■ **TASK OBJECTIVE**
The data below is to be repeated in full, exactly as given.

(Items listed in a dataset)
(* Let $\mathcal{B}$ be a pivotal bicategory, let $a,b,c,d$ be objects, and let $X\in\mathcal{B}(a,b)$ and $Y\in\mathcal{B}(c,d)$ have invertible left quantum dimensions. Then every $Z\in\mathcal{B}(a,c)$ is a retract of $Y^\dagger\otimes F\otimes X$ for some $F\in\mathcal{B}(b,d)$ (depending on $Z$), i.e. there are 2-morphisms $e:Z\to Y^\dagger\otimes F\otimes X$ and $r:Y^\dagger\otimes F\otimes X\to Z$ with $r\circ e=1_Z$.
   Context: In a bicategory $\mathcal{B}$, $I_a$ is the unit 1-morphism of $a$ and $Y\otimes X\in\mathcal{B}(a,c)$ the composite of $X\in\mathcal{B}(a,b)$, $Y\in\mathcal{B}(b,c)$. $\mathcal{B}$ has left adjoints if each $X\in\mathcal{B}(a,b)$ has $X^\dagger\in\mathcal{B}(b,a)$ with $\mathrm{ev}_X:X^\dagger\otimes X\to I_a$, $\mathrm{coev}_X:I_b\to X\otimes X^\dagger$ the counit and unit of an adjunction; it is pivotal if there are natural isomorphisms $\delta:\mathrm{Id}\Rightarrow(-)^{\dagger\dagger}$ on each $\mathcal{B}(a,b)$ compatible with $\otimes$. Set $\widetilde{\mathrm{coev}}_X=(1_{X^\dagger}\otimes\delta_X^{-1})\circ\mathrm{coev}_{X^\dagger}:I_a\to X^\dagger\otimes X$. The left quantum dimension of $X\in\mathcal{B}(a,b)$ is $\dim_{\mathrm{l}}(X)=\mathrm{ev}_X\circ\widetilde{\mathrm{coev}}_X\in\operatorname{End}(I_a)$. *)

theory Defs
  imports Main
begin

■ **COMPLETED EXERCISE**
(* Let $\mathcal{B}$ be a pivotal bicategory, let $a,b,c,d$ be objects, and let $X\in\mathcal{B}(a,b)$ and $Y\in\mathcal{B}(c,d)$ have invertible left quantum dimensions. Then every $Z\in\mathcal{B}(a,c)$ is a retract of $Y^\dagger\otimes F\otimes X$ for some $F\in\mathcal{B}(b,d)$ (depending on $Z$), i.e. there are 2-morphisms $e:Z\to Y^\dagger\otimes F\otimes X$ and $r:Y^\dagger\otimes F\otimes X\to Z$ with $r\circ e=1_Z$.
   Context: In a bicategory $\mathcal{B}$, $I_a$ is the unit 1-morphism of $a$ and $Y\otimes X\in\mathcal{B}(a,c)$ the composite of $X\in\mathcal{B}(a,b)$, $Y\in\mathcal{B}(b,c)$. $\mathcal{B}$ has left adjoints if each $X\in\mathcal{B}(a,b)$ has $X^\dagger\in\mathcal{B}(b,a)$ with $\mathrm{ev}_X:X^\dagger\otimes X\to I_a$, $\mathrm{coev}_X:I_b\to X\otimes X^\dagger$ the counit and unit of an adjunction; it is pivotal if there are natural isomorphisms $\delta:\mathrm{Id}\Rightarrow(-)^{\dagger\dagger}$ on each $\mathcal{B}(a,b)$ compatible with $\otimes$. Set $\widetilde{\mathrm{coev}}_X=(1_{X^\dagger}\otimes\delta_X^{-1})\circ\mathrm{coev}_{X^\dagger}:I_a\to X^\dagger\otimes X$. The left quantum dimension of $X\in\mathcal{B}(a,b)$ is $\dim_{\mathrm{l}}(X)=\mathrm{ev}_X\circ\widetilde{\mathrm{coev}}_X\in\operatorname{End}(I_a)$. *)

theory Defs
  imports Main
begin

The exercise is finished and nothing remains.